IF 12.4 1区 医学 Q1 BIOTECHNOLOGY & APPLIED MICROBIOLOGY Pub Date : 2026-01-10 DOI: 10.1016/j.ymthe.2026.01.006
Pablo Tebas,Julie K Jadlowsky,Yuqi Zhou,M Betina Pampena,George J Leslie,Nan Liu,Sriram Srivatsa,Colby R Maldini,Jingxin Wang,Chungdhak Jaming Tsang,Ola Mohamed,Josephine Romano,Beth Haggarty,Gabriela Plesa,Avery L Gaymon,Andrea L Brennan,Elizabeth Veloso,Bruce L Levine,Mary E Putt,Irina Kulikovskaya,Vanessa Gonzalez,Joseph A Fraietta,Michael R Betts,James A Hoxie,James L Riley
Coupling the HIV fusion inhibitor C34 with CXCR4 (C34-CXCR4) protected CD4 T cells from all strains of HIV. Escape from C34-CXCR4 expression proved difficult, requiring more than 21 serial passages, mutations at conserved gp41 sites, and a complete loss of Vpu activity. A dose-escalation, Phase I clinical trial was performed in which up to 10 billion C34-CXCR4 expressing T cells were infused into people with HIV (PWH). While these infusions were safe, we observed limited persistence of these C34-CXCR4 T cells, lack of reconstitution of HIV-specific CD8 T cell responses, and no effect on time to viral rebound after an analytical treatment interruption. We hypothesized that inappropriate expression of a signaling competent chemokine receptor resulted in the limited persistence of these engineered T cells so we screened several C34-CXCR4 mutants to identify those that could not respond to CXCL12 and still could mediate potent anti-viral activity. A single mutation (D97N) in CXCR4 fulfilled both criteria. T cells co-expressing Dual HIV-specific CARs and C34-CXCR4 D97N maintained high C34-expression in vivo and controlled HIV replication better than unprotected Dual CAR T cells, suggesting that this C34-CXCR4 D97N construct should be considered for future clinical development.

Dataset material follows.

(* Let $C,D$ be sets and let $m$ be a $(C\mathcal y,D\mathcal y)$-bicomodule. Then (1) $m$ is a left adjoint in $\mathbb C\mathbf{at}^\sharp$ if and only if $m$ is linear, i.e. $m\cong M\mathcal y$ for a set $M$; (2) $m$ is a right adjoint in $\mathbb C\mathbf{at}^\sharp$ if and only if $m$ is conjunctive, i.e. $m_a(1)\cong1$ for each $a\in C$. Moreover, the right adjoint of a linear bicomodule corresponding to the span $D\xleftarrow{f}M\xrightarrow{h}C$ is the conjunctive $(D\mathcal y,C\mathcal y)$-bicomodule $\sum_{b\in D}\mathcal y^{f^{-1}(b)}$ (corresponding to $\Pi_f\Delta_h$), and the left adjoint of a conjunctive bicomodule $\sum_{a\in C}\mathcal y^{m[a]}$ (each $m[a]$ a set over $D$) is the linear $(D\mathcal y,C\mathcal y)$-bicomodule $\sum_{b\in D}\sum_{a\in C}\sum_{x\in m[a]_b}\mathcal y$.
   Context: $\mathbb C\mathbf{at}^\sharp$: the bicategory whose objects are comonoids in $(\mathbf{Poly},\mathcal y,\triangleleft)$ (small categories), 1-cells $(c,d)$-bicomodules (polynomials $m$ with compatible coassociative counital coactions $m\to c\triangleleft m$, $m\to m\triangleleft d$), 2-cells bicomodule maps, composition $\triangleleft_d$ (equalizer of $m\triangleleft n\rightrightarrows m\triangleleft d\triangleleft n$), and identity on $c$ the bicomodule $c$. Adjunctions are internal to this bicategory. $C\mathcal y$ is the discrete category on the set $C$. For a $(c,d)$-bicomodule $m$ and $a\in c(1)$, $m_a$ is the summand of $m$ over $a$ under $m\to c\triangleleft m\to c(1)$. A $(C\mathcal y,D\mathcal y)$-bicomodule with linear carrier $M\mathcal y$ is the same as a span $C\leftarrow M\to D$; for a conjunctive one, $m[a]$ is a set equipped with a map to $D$, and $m[a]_b$ its fiber over $b$. *)

theory Defs
  imports Main "HOL-Library.FuncSet"
begin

将HIV融合抑制剂C34与CXCR4偶联(C34-CXCR4)可保护CD4 T细胞免受所有HIV毒株的感染。从C34-CXCR4的表达中逃脱被证明是困难的,需要超过21个连续传次,在保守的gp41位点发生突变,并且Vpu活性完全丧失。在一项剂量递增的I期临床试验中,将多达100亿个表达C34-CXCR4的T细胞输注到HIV (PWH)患者体内。虽然这些输注是安全的,但我们观察到这些C34-CXCR4 T细胞的持久性有限,缺乏hiv特异性CD8 T细胞反应的重构,并且在分析性治疗中断后对病毒反弹的时间没有影响。我们假设信号化因子受体的不适当表达导致了这些工程T细胞的有限持久性,因此我们筛选了几个C34-CXCR4突变体,以确定那些对CXCL12没有反应但仍能介导有效抗病毒活性的突变体。CXCR4中的一个单一突变(D97N)满足这两个标准。共表达Dual HIV特异性CARs和C34-CXCR4 D97N的T细胞在体内保持了较高的c34表达,并且比未受保护的Dual CAR - T细胞更好地控制了HIV复制,这表明该C34-CXCR4 D97N构建物应被考虑用于未来的临床开发。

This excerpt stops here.